Young people are catching on to the fact that college can be a scam. Why take on massive loans if you don’t need them?

Market Watch reports:

Half of young Americans say their degree is irrelevant to their work

In the spring of her senior year of high school, Malavika Vivek had four choices: Caltech, UC Berkeley, Carnegie Mellon, or solutions architect at software company Avasoft Inc.

She chose Avasoft.

Vivek had been working for the company part-time while at a magnet engineering-focused high school in Edison, N.J. When she was offered a full-time position, she couldn’t pass up the opportunity.

“I definitely thought about going to college because those schools are all really good. But in the end, I knew I would learn more discovering things on my own and working in the real world,” Vivek told MarketWatch.

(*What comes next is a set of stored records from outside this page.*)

(* Let $\mathcal{M}$, $\pi_b$, $\pi_e$ be as in the context, and assume the reward decomposition (R), the transition factorisation (P), the policy factorisation (F) for both $\pi_b$ and $\pi_e$, and factor-wise absolute continuity (AC). Let $\mathcal{D}=\{\tau^{(n)}\}_{n=1}^N$ consist of $N$ independent trajectories generated by $\pi_b$. Then the decomposed IS estimator $$\hat Q^{DecIS}_{\pi_e}=\sum_{d=1}^{D}\frac1N\sum_{n=1}^N\sum_{t=0}^{T}\gamma^t\,\rho^{(n),d}_{0:T}\,r^d(z^{(n),d}_t,a^{(n),d}_t)$$ and the decomposed per-decision IS estimator $$\hat Q^{DecPDIS}_{\pi_e}=\sum_{d=1}^{D}\frac1N\sum_{n=1}^N\sum_{t=0}^{T}\gamma^t\,\rho^{(n),d}_{0:t}\,r^d(z^{(n),d}_t,a^{(n),d}_t)$$ are both unbiased estimators of $V_{\pi_e}=\mathbb{E}_{\pi_e}\big[\sum_{t=0}^T\gamma^t r(s_t,a_t)\big]$, i.e. $\mathbb{E}_{\pi_b}[\hat Q^{DecIS}_{\pi_e}]=\mathbb{E}_{\pi_b}[\hat Q^{DecPDIS}_{\pi_e}]=V_{\pi_e}$.
   Context: A finite-horizon MDP has finite state space $\mathcal{S}$, action space $\mathcal{A}=\mathcal{A}^1\times\cdots\times\mathcal{A}^D$ (finite), so each action is $a=(a^1,\dots,a^D)$ with $a^d\in\mathcal{A}^d$; transition kernel $p(\cdot\mid s,a)$, a deterministic reward function $r:\mathcal{S}\times\mathcal{A}\to\mathbb{R}$, initial state distribution $d_1$, discount $\gamma\in[0,1]$ and horizon $T$. A (stationary) policy $\pi$ gives a distribution $\pi(\cdot\mid s)$ on $\mathcal{A}$. A trajectory under $\pi$ is $s_0\sim d_1$, $a_t\sim\pi(\cdot\mid s_t)$, $s_{t+1}\sim p(\cdot\mid s_t,a_t)$ for $t=0,\dots,T$; $\mathbb{E}_\pi$ denotes expectation over such trajectories. There is a state abstraction map $\phi(s)=(z^1,\dots,z^D)$ with $z^d\in\mathcal{Z}^d$ (finite), and we write $z^d_t$ for the $d$-th component of $\phi(s_t)$. Standing factorisation assumptions: (R) $r(s,a)=\sum_{d=1}^D r^d(z^d,a^d)$ for functions $r^d:\mathcal{Z}^d\times\mathcal{A}^d\to\mathbb{R}$, where $\phi(s)=(z^1,\dots,z^D)$; (P) for all $s,s',a$: $\sum_{\tilde s\in\phi^{-1}(\phi(s'))}p(\tilde s\mid s,a)=\prod_{d=1}^D p^d(z'^d\mid z^d,a^d)$ for sub-transition kernels $p^d$ on $\mathcal{Z}^d$, where $\phi(s')=(z'^1,\dots,z'^D)$; (F) a policy $\pi$ is factored if $\pi(a\mid s)=\prod_{d=1}^D\pi^d(a^d\mid z^d)$ for sub-policies $\pi^d(\cdot\mid z^d)$ on $\mathcal{A}^d$. (AC) For all $d$, $z^d$, $a^d$: if $\pi_b^d(a^d\mid z^d)=0$ then $\pi_e^d(a^d\mid z^d)=0$. For trajectory $n$ with sub-actions $a^{(n),d}_t$ and abstract states $z^{(n),d}_t$, the factor-$d$ importance ratio is $\rho^{(n),d}_{0:t}=\prod_{t'=0}^{t}\frac{\pi_e^d(a^{(n),d}_{t'}\mid z^{(n),d}_{t'})}{\pi_b^d(a^{(n),d}_{t'}\mid z^{(n),d}_{t'})}$. *)

theory Defs
  imports "HOL-Probability.Probability"
begin

(* A trajectory is the list [(s_0,a_0),...,(s_T,a_T)] (length T+1).
   rollout p pol n s: starting in state s, sample a ~ pol s, then s' ~ p s a, ... *)
fun rollout :: "('s \<Rightarrow> 'a \<Rightarrow> 's pmf) \<Rightarrow> ('s \<Rightarrow> 'a pmf) \<Rightarrow> nat \<Rightarrow> 's \<Rightarrow> ('s \<times> 'a) list pmf" where
  "rollout p pol 0 s = map_pmf (\<lambda>a. [(s, a)]) (pol s)"
| "rollout p pol (Suc n) s =
     bind_pmf (pol s) (\<lambda>a. bind_pmf (p s a) (\<lambda>s'.
       map_pmf (\<lambda>rest. (s, a) # rest) (rollout p pol n s')))"

definition traj :: "'s pmf \<Rightarrow> ('s \<Rightarrow> 'a \<Rightarrow> 's pmf) \<Rightarrow> ('s \<Rightarrow> 'a pmf) \<Rightarrow> nat \<Rightarrow> ('s \<times> 'a) list pmf" where
  "traj d1 p pol T = bind_pmf d1 (rollout p pol T)"

definition value_fn :: "'s pmf \<Rightarrow> ('s \<Rightarrow> 'a \<Rightarrow> 's pmf) \<Rightarrow> ('s \<Rightarrow> 'a \<Rightarrow> real) \<Rightarrow> real \<Rightarrow> nat
    \<Rightarrow> ('s \<Rightarrow> 'a pmf) \<Rightarrow> real" where
  "value_fn d1 p r \<gamma> T pol = measure_pmf.expectation (traj d1 p pol T)
     (\<lambda>\<tau>. \<Sum>t\<le>T. \<gamma> ^ t * r (fst (\<tau> ! t)) (snd (\<tau> ! t)))"

(* factor-d importance ratio rho^d_{0:t} of a trajectory tau;
   actions are functions 'd => 'b, abstract states phi s :: 'd => 'z *)
definition ratio :: "('d \<Rightarrow> 'z \<Rightarrow> 'b pmf) \<Rightarrow> ('d \<Rightarrow> 'z \<Rightarrow> 'b pmf) \<Rightarrow> ('s \<Rightarrow> 'd \<Rightarrow> 'z)
    \<Rightarrow> ('s \<times> ('d \<Rightarrow> 'b)) list \<Rightarrow> 'd \<Rightarrow> nat \<Rightarrow> real" where
  "ratio pib pie \<phi> \<tau> d t = (\<Prod>t'\<le>t.
      pmf (pie d (\<phi> (fst (\<tau> ! t')) d)) (snd (\<tau> ! t') d) /
      pmf (pib d (\<phi> (fst (\<tau> ! t')) d)) (snd (\<tau> ! t') d))"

At 19 years old, Vivek belongs to Generation Z. And while her experience isn’t yet common, Gen Z is becoming more open to doing college differently or not going at all, according to a new study by TD Ameritrade TD, +1.43%

The study surveyed over 3,000 U.S. teens and adults, including approximately 1,000 Gen Z (ages 15 to 21), 1,000 young millennials (ages 22 to 28), and 1,000 parents (ages 30 to 60).

About one in five Gen Z and young millennials say they may choose not to go to college. Many others see a less conventional path through education as a good idea. Over 30% of Gen Z — and 18% of young millennials — said they have considered taking a gap year between high school and college.